I could feel his cool fingers lifting the hair away from my neck and then I felt his mouth just at the nape. I couldn't speak or move. I exhaled slowly, trying not to make another sound. His lips moved to my ear, and he caught the lobe of it between his teeth. Then his tongue darted in. His arms came around me, crossing over my chest, pulling me back against him.

And for a miracle I only heard what his body was saying, not those niggling things from minds that only foul up mo­ments like this. His body was saying something very simple. He lifted me as easily as I'd rotate an infant. He turned me so I was facing him on his lap, my legs on either side of his. I put my arms around him and bent a little to kiss him. It went on and on, but after a while Bill settled into a rhythm with his tongue, a rhythm even someone as inexperienced as I could identify. The nightshirt slid up to the tops of my thighs. My hands began to rub his arms helplessly. Strangely, I thought of a pan of caramels my grandmother had put on the stove for a candy recipe, and I thought of the melted, warm sweet goldenness of them.

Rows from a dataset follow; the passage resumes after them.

(* The maps $\partial_{l-k}:\mathcal M_{l-k}\to\mathcal M_{l-k-1}$ are homomorphisms of $\mathbb Z[W]$-modules and satisfy $\partial_{l-k-1}\circ\partial_{l-k}=0$; thus $(\mathcal M_*,\partial)$ is a chain complex of $\mathbb Z[W]$-modules.
   Context: Let $\mathfrak g$ be a real split semisimple Lie algebra of rank $l$ with simple roots $\Pi=\{\alpha_1,\dots,\alpha_l\}$, Cartan matrix $C_{i,j}=\alpha_i(h_{\alpha_j})$ ($h_{\alpha_j}$ coroots), Weyl group $W$. For $S\subset\Pi$ let $W_S$ be generated by $s_\alpha$, $\alpha\in S$, and $\mathbb D(S)$ the set of functions $\eta:S\to\{\pm1\}$. For $\alpha_i\in S$ let $(s_{\alpha_i}\eta)(\alpha_j)=\eta(\alpha_j)\eta(\alpha_i)^{-C_{j,i}}$ ($\alpha_j\in S$) and $r_i=|\{\alpha_j\in\Pi\setminus S:C_{j,i}\text{ odd}\}|$; the free abelian group $\mathbb Z[\mathbb D(S)]$ is a $\mathbb Z[W_S]$-module with $s_{\alpha_i}\cdot\eta=\eta(\alpha_i)^{r_i}(s_{\alpha_i}\eta)$. Put $\mathcal M(S)=\mathbb Z[W]\otimes_{\mathbb Z[W_S]}\mathbb Z[\mathbb D(S)]$, with $\mathbb Z$-basis $w^\bullet\otimes\eta$ ($w^\bullet$ minimal-length representatives of $W/W_S$, $\eta\in\mathbb D(S)$), and $\mathcal M_{l-k}=\bigoplus_{|S|=k}\mathcal M(S)$. For $\eta\in\mathbb D(S)$ with $\Pi\setminus S=\{\alpha_{i_1},\dots,\alpha_{i_m}\}$, $i_1<\dots<i_m$, and $c\in\{1,2\}$, $\partial_{j,c}\eta\in\mathbb D(S\cup\{\alpha_{i_j}\})$ extends $\eta$ by $\alpha_{i_j}\mapsto-1$ if $c=1$, $+1$ if $c=2$. Define $\partial_{l-k}(w^\bullet\otimes\eta)=\sum_{j=1}^{l-k}\sum_{c=1}^2(-1)^{j+c+1}w^\bullet\otimes\partial_{j,c}\eta$, the $(j,c)$ term in $\mathcal M(S\cup\{\alpha_{i_j}\})$, extended $\mathbb Z$-linearly. *)

theory Defs
  imports Complex_Main "Jordan_Normal_Form.Matrix" "HOL-Library.FuncSet"
begin

text \<open>Simple roots are indexed by 0,...,l-1 (alpha_(i+1) in the paper is index i).
  C i j = alpha_i(h_alpha_j).  The hypothesis that C is the Cartan matrix of a real split
  semisimple Lie algebra is expressed by the classical (Serre) characterisation:
  C is a symmetrisable generalised Cartan matrix whose symmetrisation is positive definite.\<close>

definition cartan_finite_type :: "nat \<Rightarrow> (nat \<Rightarrow> nat \<Rightarrow> int) \<Rightarrow> bool" where
  "cartan_finite_type l C \<longleftrightarrow>
     (\<forall>i<l. C i i = 2) \<and> (\<forall>i<l. \<forall>j<l. i \<noteq> j \<longrightarrow> C i j \<le> 0) \<and>
     (\<forall>i<l. \<forall>j<l. C i j = 0 \<longleftrightarrow> C j i = 0) \<and>
     (\<exists>e::nat \<Rightarrow> real. (\<forall>i<l. e i > 0) \<and>
        (\<forall>i<l. \<forall>j<l. of_int (C i j) * e j = of_int (C j i) * e i) \<and>
        (\<forall>x::nat \<Rightarrow> real. (\<exists>i<l. x i \<noteq> 0) \<longrightarrow>
            (\<Sum>i<l. \<Sum>j<l. x i * (of_int (C i j) * e j) * x j) > 0))"

text \<open>Simple reflection s_i acting on the root lattice Z^l (coordinates w.r.t. simple roots):
  s_i(alpha_j) = alpha_j - C j i * alpha_i; column j is the image of alpha_j.\<close>
definition srefl :: "nat \<Rightarrow> (nat \<Rightarrow> nat \<Rightarrow> int) \<Rightarrow> nat \<Rightarrow> int mat" where
  "srefl l C i = mat l l (\<lambda>(k, j). (if k = j then 1 else 0) - (if k = i then C j i else 0))"

definition word_prod :: "nat \<Rightarrow> (nat \<Rightarrow> nat \<Rightarrow> int) \<Rightarrow> nat list \<Rightarrow> int mat" where
  "word_prod l C ws = foldr (\<lambda>i m. srefl l C i * m) ws (1\<^sub>m l)"

text \<open>W_S: the subgroup generated by s_i, i in S (monoid closure = group closure, as s_i^2 = 1).\<close>
definition weyl_sub :: "nat \<Rightarrow> (nat \<Rightarrow> nat \<Rightarrow> int) \<Rightarrow> nat set \<Rightarrow> int mat set" where
  "weyl_sub l C S = {word_prod l C ws | ws. set ws \<subseteq> S}"

abbreviation weyl :: "nat \<Rightarrow> (nat \<Rightarrow> nat \<Rightarrow> int) \<Rightarrow> int mat set" where
  "weyl l C \<equiv> weyl_sub l C {..<l}"

definition wlen :: "nat \<Rightarrow> (nat \<Rightarrow> nat \<Rightarrow> int) \<Rightarrow> int mat \<Rightarrow> nat" where
  "wlen l C w = (LEAST n. \<exists>ws. set ws \<subseteq> {..<l} \<and> length ws = n \<and> word_prod l C ws = w)"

He stood up with me still wrapped around him. "Where?" he asked.

And I pointed to my grandmother's former room. He car­ried me in as we were, my legs locked around him, my head on his shoulder, and he lay me on the clean bed. He stood by the bed and in the moonlight coming in the unshaded windows, I saw him undress, quickly and neatly. Though I was getting great pleasure from watching him, I knew I had to do the same; but still a little embarrassed, I just drew off the nightshirt and tossed it onto the floor.

I stared at him. I'd never seen anything so beautiful or so scary in my life.

"Oh, Bill," I said anxiously, when he was beside me in the bed, "I don't want to disappoint you."

"That's not possible," he whispered. His eyes looked at my body as if it were a drink of water on a desert dune.